= Newtown Creek bridges =

Set of bridges in New York City

Newtown Creek is a body tributary of the East River in New York City, whose main flow also serves as a part of the border between Brooklyn and Queens. It has four tributaries of its own, English Kills and Whale Creek in Brooklyn and Dutch Kills and Maspeth Creek in Queens. There are several bridges crossing these waterways.

==Crossing Newtown Creek==

There are several bridges crossing the main body of Newtown Creek. These bridges are listed in order from the point at which Newtown Creek forms off of the East River.
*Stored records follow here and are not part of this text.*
lemma norm_taylor2_remainder_le:
  fixes f :: "'a::real_normed_vector \<Rightarrow> 'b::real_normed_vector" and Df :: "'a \<Rightarrow> 'a \<Rightarrow>\<^sub>L 'b"
    and D2f :: "'a \<Rightarrow> 'a \<Rightarrow>\<^sub>L ('a \<Rightarrow>\<^sub>L 'b)"
  assumes Df: "\<And>y. (f has_derivative blinfun_apply (Df y)) (at y)"
    and D2f: "\<And>y. (Df has_derivative blinfun_apply (D2f y)) (at y)"
    and M: "\<And>y. norm (D2f y) \<le> M"
  shows "norm (f y - f x - Df x (y - x)) \<le> M / 2 * norm (y - x) ^ 2"
proof -
  define h where "h = y - x"
  have Df_lipschitz: "norm (Df z - Df x) \<le> M * norm (z - x)" for z
    by (rule differentiable_bound[of UNIV Df "\<lambda>y. blinfun_apply (D2f y)" M z x])
       (auto simp: D2f M norm_blinfun.rep_eq[symmetric])
  define g where "g t = f (x + t *\<^sub>R h) - t *\<^sub>R Df x h" for t
  define g' where "g' t = Df (x + t *\<^sub>R h) h - Df x h" for t
  define \<phi> where "\<phi> t = M * norm h ^ 2 * t\<^sup>2 / 2" for t
  have g_deriv: "(g has_vector_derivative g' t) (at t)" for t
  proof -
    have "((\<lambda>t. x + t *\<^sub>R h) has_derivative (\<lambda>s. s *\<^sub>R h)) (at t)"
      by (auto intro!: derivative_eq_intros)
    from has_derivative_compose[OF this Df]
    have "((\<lambda>t. f (x + t *\<^sub>R h)) has_derivative (\<lambda>s. s *\<^sub>R Df (x + t *\<^sub>R h) h)) (at t)"
      by (simp add: blinfun.scaleR_right o_def)
    then show ?thesis
      unfolding g_def g'_def has_vector_derivative_def
      by (auto intro!: derivative_eq_intros simp: algebra_simps)
  qed
  have \<phi>_deriv: "(\<phi> has_vector_derivative (M * norm h ^ 2 * t)) (at t)" for t
    unfolding \<phi>_def has_vector_derivative_def
    by (auto intro!: derivative_eq_intros simp: algebra_simps)
  have g'_le: "norm (g' t) \<le> M * norm h ^ 2 * t" if "0 < t" for t
  proof -
    have "norm (g' t) = norm ((Df (x + t *\<^sub>R h) - Df x) h)"
      unfolding g'_def by (simp add: blinfun.diff_left)
    also have "\<dots> \<le> norm (Df (x + t *\<^sub>R h) - Df x) * norm h"
      by (rule norm_blinfun)
    also have "\<dots> \<le> M * norm (t *\<^sub>R h) * norm h"
      using Df_lipschitz[of "x + t *\<^sub>R h"] by (intro mult_right_mono) auto
    also have "\<dots> = M * norm h ^ 2 * t"
      using that by (simp add: power2_eq_square)
    finally show ?thesis .
  qed
  have "continuous_on {0..1} g"
    using g_deriv by (meson continuous_at_imp_continuous_on has_vector_derivative_continuous)
  moreover have "continuous_on {0..1} \<phi>"
    unfolding \<phi>_def by (intro continuous_intros) auto
  ultimately have "norm (g 1 - g 0) \<le> \<phi> 1 - \<phi> 0"
    using g'_le by (intro differentiable_bound_general[OF zero_less_one _ _ g_deriv \<phi>_deriv]) auto
  then show ?thesis
    unfolding g_def \<phi>_def h_def by (simp add: algebra_simps)
qed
| Name | Type | Lanes | connects | along | built | demolished | Image |
| Vernon Avenue Bridge |  |  | Greenpoint and Long Island City | Vernon Avenue and Manhattan Avenue | 1905 | 1954 |  |
| Pulaski Bridge | bascule bridge | two roadways and a pedestrian walkway | Greenpoint and Long Island City | McGuinness Boulevard and 11th Street | 1954 |  |  |
| Greenpoint Avenue Bridge | bascule bridge | two roadways and two pedestrian walkways | Greenpoint and Blissville | Greenpoint Avenue | 1850s,1900,1929,1987 |  |  |
| Meeker Avenue Bridge (Penny Bridge) | swing bridge | two roadways and two walkways | Greenpoint/East Williamsburg with Laurel Hill/Maspeth |  | 1894^{[dubious – discuss]} | 1933^{[dubious – discuss]} |
| Kosciuszko Bridge | non-moveable bridge | 6 car lanes | Greenpoint/East Williamsburg with Laurel Hill/Maspeth | BQE | 1939 | 2017 |  |
| Kosciuszko Bridge | non-moveable bridge | two roadways and a pedestrian walkway | Greenpoint/East Williamsburg with Laurel Hill/Maspeth | BQE | 2017, 2019 |  |  |
| Maspeth Ave Bridge | unknown | unknown |  | Maspeth Avenue |  | 1876 |  |
| Grand St Bridge | swing bridge | two roadways and two pedestrian walkways | East Williamsburg | Grand Street |  |  |  |

==Crossing Dutch Kills==
There are several bridges crossing Dutch Kills in Queens, which are all movable bridges except for the Long Island Expressway bridges. These bridges are listed in order from the point at which Dutch Kills forms off of Newtown Creek.

| Name | Type | Lanes | connects | along | built | demolished | Image |
|---|---|---|---|---|---|---|---|
| DB Cabin | swing bridge | railway | Greenpoint and Long Island City | LIRR's Lower Montauk Branch |  |  |  |
| Cabin M | single-leaf bascule bridge | railway |  | LIRR's now-abandoned Montauk Cutoff |  |  |  |
| Borden Avenue Bridge | retractile bridge | two roadways and a pedestrian walkway | Blissville | Borden Ave | 1908 |  |  |
| Long Island Expressway structure | non-moveable bridge |  |  |  |  |  |  |
| Hunters Point Ave Bridge | bascule bridge | two roadways and two pedestrian walkways | Blissville | Hunters Point Avenue |  |  |  |

==Crossing English Kills==
There are two bridges crossing English Kills in Brooklyn. These bridges are listed in order from the point at which English Kills spurs off of Newtown Creek.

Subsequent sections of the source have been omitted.